Provided records Block Start

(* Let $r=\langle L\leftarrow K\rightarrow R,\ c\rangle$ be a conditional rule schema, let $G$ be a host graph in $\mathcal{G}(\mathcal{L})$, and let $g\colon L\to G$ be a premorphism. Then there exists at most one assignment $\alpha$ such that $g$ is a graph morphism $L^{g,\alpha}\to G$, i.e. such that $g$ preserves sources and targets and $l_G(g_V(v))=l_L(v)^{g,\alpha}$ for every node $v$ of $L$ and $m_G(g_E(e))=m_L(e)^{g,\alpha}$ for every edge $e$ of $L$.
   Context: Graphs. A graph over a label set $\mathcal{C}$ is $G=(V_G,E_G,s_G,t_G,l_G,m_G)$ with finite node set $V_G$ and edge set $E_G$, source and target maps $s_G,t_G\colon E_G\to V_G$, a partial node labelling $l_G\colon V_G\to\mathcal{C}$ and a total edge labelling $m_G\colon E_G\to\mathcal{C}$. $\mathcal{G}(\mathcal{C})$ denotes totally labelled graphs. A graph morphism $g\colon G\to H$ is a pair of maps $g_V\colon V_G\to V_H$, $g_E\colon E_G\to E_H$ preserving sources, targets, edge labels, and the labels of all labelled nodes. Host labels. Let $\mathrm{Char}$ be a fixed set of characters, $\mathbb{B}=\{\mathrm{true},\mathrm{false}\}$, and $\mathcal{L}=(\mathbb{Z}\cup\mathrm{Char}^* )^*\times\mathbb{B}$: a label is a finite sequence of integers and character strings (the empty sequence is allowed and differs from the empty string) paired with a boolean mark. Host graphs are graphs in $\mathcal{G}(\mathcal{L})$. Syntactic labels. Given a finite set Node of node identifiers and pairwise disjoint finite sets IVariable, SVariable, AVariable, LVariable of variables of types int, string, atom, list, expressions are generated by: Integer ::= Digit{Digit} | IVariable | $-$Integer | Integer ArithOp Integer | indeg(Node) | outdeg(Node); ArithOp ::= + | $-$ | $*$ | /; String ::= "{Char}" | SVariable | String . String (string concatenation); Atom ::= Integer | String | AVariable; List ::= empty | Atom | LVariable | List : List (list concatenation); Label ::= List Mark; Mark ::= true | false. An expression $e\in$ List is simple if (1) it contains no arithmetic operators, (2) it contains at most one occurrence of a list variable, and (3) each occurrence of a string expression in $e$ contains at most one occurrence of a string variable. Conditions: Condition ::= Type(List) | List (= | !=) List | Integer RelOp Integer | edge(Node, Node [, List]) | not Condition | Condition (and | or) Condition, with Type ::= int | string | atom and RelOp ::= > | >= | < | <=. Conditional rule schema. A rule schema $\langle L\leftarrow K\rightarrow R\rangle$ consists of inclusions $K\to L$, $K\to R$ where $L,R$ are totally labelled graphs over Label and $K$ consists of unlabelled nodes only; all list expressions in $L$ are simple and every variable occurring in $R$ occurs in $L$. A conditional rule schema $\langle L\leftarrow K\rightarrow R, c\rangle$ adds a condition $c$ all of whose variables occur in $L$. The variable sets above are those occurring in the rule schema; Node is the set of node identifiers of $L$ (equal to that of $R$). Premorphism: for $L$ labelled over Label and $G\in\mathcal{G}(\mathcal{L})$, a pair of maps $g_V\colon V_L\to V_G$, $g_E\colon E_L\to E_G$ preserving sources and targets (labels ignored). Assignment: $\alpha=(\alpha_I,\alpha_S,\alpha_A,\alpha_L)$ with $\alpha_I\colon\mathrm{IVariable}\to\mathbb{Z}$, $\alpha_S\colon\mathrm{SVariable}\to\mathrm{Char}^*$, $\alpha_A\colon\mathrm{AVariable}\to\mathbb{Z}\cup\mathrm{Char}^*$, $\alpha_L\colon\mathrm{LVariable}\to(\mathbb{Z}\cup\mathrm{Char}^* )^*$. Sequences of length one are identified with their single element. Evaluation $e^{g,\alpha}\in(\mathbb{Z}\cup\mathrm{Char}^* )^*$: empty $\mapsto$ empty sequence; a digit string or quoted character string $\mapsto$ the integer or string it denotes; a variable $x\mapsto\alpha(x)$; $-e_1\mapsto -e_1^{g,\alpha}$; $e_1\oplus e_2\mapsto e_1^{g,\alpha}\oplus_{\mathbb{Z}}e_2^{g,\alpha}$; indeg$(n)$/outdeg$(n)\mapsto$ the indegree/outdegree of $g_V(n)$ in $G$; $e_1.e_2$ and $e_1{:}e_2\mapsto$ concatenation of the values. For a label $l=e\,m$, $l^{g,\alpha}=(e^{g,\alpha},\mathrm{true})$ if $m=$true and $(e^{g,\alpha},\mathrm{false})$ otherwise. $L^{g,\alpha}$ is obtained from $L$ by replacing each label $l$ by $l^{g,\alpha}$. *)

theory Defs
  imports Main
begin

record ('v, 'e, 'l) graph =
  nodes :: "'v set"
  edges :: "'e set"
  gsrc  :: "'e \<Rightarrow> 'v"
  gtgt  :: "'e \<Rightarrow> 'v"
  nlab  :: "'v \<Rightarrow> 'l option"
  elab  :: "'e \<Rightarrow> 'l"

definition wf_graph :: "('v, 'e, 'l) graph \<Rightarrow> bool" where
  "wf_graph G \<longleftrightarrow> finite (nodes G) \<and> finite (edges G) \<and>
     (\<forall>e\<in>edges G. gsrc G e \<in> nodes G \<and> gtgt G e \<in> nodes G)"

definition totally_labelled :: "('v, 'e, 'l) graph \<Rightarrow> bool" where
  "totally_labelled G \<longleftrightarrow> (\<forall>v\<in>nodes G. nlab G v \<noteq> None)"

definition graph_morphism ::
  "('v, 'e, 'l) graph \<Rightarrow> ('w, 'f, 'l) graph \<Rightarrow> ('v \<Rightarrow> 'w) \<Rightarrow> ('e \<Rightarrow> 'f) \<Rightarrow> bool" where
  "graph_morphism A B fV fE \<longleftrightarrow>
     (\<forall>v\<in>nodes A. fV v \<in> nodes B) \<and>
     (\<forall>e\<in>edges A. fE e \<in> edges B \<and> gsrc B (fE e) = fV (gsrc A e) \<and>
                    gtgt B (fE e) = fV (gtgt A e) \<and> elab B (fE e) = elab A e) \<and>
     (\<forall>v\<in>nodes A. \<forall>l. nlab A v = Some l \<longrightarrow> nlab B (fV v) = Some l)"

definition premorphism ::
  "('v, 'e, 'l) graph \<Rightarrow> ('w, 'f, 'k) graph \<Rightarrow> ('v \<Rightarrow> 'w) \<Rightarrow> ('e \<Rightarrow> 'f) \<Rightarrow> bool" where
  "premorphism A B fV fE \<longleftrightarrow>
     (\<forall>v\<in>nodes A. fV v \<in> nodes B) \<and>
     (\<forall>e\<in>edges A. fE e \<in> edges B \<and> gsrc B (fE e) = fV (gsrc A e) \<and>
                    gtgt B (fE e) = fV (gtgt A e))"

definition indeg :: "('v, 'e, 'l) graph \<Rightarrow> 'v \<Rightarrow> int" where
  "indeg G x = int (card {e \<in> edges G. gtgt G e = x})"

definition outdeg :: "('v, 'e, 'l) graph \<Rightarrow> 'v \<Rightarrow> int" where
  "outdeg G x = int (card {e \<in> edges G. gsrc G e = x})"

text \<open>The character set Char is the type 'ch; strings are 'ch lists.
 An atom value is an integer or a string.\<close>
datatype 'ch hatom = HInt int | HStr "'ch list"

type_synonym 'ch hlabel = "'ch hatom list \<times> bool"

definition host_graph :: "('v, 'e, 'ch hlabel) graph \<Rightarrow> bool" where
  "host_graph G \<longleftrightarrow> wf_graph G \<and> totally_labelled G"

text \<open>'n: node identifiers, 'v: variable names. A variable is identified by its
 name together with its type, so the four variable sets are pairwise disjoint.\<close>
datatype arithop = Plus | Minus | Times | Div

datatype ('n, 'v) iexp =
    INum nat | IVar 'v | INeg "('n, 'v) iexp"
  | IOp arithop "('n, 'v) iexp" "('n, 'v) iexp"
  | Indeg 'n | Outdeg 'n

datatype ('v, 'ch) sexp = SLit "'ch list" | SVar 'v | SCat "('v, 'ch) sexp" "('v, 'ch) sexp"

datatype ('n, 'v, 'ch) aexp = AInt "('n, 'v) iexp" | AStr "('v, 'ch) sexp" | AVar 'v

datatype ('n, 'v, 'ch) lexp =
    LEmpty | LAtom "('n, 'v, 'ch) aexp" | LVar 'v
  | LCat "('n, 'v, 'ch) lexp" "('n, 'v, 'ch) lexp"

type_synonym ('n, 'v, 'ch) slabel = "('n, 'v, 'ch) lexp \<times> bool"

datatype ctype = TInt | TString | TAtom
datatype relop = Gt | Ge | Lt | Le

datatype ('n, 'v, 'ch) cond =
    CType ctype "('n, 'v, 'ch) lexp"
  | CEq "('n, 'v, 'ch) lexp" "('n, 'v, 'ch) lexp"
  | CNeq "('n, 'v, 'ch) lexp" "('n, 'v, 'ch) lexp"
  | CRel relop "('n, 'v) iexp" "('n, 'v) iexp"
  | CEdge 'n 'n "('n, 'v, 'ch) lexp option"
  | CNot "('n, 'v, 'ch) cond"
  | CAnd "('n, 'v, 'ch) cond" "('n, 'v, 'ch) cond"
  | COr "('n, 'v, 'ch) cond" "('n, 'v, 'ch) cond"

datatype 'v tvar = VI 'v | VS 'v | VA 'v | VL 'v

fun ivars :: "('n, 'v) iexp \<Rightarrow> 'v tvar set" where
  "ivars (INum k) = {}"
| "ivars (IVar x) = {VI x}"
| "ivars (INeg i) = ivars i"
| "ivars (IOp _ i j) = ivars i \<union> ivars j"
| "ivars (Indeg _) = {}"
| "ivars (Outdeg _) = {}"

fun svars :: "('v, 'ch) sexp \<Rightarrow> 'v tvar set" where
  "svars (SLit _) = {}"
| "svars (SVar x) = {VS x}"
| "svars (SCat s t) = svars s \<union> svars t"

Provided records Block End
Provided records Block Start

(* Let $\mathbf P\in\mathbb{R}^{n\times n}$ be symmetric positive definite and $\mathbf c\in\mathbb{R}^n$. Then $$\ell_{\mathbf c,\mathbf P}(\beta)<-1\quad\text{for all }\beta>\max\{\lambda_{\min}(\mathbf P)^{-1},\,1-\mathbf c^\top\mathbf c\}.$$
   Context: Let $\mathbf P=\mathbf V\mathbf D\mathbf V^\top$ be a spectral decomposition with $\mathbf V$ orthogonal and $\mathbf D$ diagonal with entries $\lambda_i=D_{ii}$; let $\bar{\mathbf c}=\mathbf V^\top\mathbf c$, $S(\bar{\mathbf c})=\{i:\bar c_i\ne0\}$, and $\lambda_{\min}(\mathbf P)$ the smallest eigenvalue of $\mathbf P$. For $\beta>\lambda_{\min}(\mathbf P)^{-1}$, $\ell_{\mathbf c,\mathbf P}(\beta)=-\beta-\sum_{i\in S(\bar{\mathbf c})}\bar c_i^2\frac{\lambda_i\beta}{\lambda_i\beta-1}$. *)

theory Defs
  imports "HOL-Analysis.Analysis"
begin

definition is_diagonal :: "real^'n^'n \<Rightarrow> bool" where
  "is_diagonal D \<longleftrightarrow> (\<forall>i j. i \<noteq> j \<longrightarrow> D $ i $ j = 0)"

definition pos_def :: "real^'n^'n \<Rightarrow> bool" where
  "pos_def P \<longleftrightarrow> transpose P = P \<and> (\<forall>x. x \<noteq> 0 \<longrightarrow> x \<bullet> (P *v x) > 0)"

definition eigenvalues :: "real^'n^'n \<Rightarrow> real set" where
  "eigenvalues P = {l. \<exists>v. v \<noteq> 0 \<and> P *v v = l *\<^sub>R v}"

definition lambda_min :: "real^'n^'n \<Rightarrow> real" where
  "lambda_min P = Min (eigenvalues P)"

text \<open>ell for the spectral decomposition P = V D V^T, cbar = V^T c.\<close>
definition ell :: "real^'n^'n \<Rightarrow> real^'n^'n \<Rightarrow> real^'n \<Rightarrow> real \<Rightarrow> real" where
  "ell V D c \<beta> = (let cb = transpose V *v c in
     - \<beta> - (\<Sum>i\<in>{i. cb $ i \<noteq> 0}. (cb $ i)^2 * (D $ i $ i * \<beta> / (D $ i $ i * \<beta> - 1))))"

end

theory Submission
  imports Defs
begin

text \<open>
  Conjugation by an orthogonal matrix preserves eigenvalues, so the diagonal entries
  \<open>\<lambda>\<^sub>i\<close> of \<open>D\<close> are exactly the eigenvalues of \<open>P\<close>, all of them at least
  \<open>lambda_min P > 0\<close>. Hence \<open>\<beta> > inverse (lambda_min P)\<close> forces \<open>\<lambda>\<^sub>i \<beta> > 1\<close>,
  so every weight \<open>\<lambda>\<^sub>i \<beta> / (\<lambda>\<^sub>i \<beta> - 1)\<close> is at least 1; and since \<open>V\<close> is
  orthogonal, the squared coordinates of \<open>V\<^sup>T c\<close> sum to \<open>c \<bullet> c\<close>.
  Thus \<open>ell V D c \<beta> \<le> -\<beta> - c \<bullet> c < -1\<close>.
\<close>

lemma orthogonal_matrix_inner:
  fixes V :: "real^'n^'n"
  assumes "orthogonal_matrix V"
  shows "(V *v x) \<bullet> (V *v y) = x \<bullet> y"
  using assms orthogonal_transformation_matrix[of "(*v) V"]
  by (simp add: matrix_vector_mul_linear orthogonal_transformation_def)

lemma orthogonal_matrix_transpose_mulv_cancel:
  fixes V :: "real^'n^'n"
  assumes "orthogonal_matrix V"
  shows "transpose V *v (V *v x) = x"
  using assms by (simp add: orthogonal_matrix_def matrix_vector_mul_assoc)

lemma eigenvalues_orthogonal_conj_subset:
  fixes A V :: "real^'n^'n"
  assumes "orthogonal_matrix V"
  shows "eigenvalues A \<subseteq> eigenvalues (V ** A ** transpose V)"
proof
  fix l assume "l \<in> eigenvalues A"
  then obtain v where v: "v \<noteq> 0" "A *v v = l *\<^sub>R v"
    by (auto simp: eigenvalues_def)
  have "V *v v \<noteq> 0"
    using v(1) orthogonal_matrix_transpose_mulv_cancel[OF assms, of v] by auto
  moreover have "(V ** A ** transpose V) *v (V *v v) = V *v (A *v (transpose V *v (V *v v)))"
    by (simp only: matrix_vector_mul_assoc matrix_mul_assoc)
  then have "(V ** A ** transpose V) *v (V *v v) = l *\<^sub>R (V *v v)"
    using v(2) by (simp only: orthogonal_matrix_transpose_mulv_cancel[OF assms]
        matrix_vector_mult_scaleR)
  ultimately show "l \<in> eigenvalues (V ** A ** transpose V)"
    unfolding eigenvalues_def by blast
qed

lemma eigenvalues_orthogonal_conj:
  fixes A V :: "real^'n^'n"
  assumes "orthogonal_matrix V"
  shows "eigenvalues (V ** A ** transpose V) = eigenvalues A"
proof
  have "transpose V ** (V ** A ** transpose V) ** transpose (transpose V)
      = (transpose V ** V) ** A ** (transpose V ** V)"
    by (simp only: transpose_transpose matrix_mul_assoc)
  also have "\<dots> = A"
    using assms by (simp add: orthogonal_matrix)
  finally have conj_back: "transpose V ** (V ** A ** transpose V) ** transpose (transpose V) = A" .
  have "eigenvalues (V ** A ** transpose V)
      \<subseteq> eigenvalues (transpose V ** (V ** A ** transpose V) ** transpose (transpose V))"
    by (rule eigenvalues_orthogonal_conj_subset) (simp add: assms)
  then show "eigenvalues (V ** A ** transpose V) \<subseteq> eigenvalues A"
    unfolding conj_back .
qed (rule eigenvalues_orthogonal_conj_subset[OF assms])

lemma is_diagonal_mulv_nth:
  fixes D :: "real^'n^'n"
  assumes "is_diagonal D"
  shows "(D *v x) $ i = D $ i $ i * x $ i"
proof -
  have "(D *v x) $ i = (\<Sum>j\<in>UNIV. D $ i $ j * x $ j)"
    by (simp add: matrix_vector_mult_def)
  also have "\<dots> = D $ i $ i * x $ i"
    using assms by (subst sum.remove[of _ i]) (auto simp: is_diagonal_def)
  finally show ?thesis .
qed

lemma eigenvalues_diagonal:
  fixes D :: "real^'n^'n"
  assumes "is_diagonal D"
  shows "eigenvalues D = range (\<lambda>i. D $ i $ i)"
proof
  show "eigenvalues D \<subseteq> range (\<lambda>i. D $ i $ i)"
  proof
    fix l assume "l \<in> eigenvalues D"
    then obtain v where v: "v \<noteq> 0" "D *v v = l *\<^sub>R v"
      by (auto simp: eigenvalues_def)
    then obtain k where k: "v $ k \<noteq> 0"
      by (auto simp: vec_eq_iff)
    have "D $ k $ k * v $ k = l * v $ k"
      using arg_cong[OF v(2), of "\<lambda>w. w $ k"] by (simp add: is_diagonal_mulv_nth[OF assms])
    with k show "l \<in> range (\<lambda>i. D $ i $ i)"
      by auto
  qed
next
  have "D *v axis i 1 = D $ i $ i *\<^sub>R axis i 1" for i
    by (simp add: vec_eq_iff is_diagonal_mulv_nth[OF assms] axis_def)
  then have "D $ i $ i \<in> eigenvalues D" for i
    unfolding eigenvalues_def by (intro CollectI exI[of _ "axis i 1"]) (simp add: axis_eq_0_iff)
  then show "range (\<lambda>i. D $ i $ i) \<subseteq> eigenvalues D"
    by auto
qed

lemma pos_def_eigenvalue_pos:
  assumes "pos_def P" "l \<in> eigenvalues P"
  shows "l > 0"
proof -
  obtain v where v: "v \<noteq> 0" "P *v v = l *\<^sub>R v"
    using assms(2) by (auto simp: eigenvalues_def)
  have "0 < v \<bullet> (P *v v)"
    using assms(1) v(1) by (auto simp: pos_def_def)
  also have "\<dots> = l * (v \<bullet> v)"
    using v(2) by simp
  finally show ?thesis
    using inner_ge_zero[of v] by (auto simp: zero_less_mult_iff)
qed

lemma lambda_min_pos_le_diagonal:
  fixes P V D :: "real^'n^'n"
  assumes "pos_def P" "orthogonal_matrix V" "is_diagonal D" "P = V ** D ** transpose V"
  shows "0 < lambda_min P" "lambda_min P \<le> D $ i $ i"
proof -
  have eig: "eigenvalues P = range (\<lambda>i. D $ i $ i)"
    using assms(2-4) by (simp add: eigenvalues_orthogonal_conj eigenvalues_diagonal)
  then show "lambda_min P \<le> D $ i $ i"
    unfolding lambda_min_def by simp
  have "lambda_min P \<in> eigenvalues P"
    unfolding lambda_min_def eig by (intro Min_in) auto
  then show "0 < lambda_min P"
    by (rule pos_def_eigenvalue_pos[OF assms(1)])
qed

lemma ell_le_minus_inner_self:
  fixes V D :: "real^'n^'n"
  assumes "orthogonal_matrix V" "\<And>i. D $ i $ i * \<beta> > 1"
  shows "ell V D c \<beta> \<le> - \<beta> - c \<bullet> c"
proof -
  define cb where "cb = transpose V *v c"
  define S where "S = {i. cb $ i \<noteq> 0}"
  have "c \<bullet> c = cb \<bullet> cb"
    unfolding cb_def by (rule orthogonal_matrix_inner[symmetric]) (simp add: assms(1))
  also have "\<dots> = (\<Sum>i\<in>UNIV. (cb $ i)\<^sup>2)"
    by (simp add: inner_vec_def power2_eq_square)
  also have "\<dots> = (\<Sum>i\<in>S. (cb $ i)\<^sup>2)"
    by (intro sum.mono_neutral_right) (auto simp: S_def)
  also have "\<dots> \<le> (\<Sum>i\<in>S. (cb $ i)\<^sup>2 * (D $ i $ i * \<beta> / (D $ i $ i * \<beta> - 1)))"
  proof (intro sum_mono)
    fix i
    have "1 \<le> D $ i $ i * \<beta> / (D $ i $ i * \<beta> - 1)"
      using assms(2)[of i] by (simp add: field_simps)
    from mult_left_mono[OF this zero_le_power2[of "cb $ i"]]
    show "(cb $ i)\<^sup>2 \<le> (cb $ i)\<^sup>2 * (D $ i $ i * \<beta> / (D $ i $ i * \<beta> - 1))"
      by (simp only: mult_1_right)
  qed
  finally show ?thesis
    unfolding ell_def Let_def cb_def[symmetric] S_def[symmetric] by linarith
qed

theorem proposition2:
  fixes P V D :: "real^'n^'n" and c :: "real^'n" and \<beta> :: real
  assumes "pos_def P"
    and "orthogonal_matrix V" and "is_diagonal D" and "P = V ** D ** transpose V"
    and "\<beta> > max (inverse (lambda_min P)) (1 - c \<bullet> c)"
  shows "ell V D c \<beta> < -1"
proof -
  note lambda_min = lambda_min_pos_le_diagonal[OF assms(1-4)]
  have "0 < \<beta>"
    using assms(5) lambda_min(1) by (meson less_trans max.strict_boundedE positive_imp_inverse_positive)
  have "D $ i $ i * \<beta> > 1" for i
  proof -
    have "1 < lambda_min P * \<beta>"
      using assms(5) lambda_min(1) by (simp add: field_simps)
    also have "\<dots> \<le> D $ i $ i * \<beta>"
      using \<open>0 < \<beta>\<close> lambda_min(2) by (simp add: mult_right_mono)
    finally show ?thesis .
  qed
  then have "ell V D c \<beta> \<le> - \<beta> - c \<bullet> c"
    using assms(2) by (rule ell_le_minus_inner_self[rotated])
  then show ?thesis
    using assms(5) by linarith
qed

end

Provided records Block End

> [Work order]
Scan the data above. Return every line with "union" in it.

> [Result]
| "ivars (IOp _ i j) = ivars i \<union> ivars j"
| "svars (SCat s t) = svars s \<union> svars t"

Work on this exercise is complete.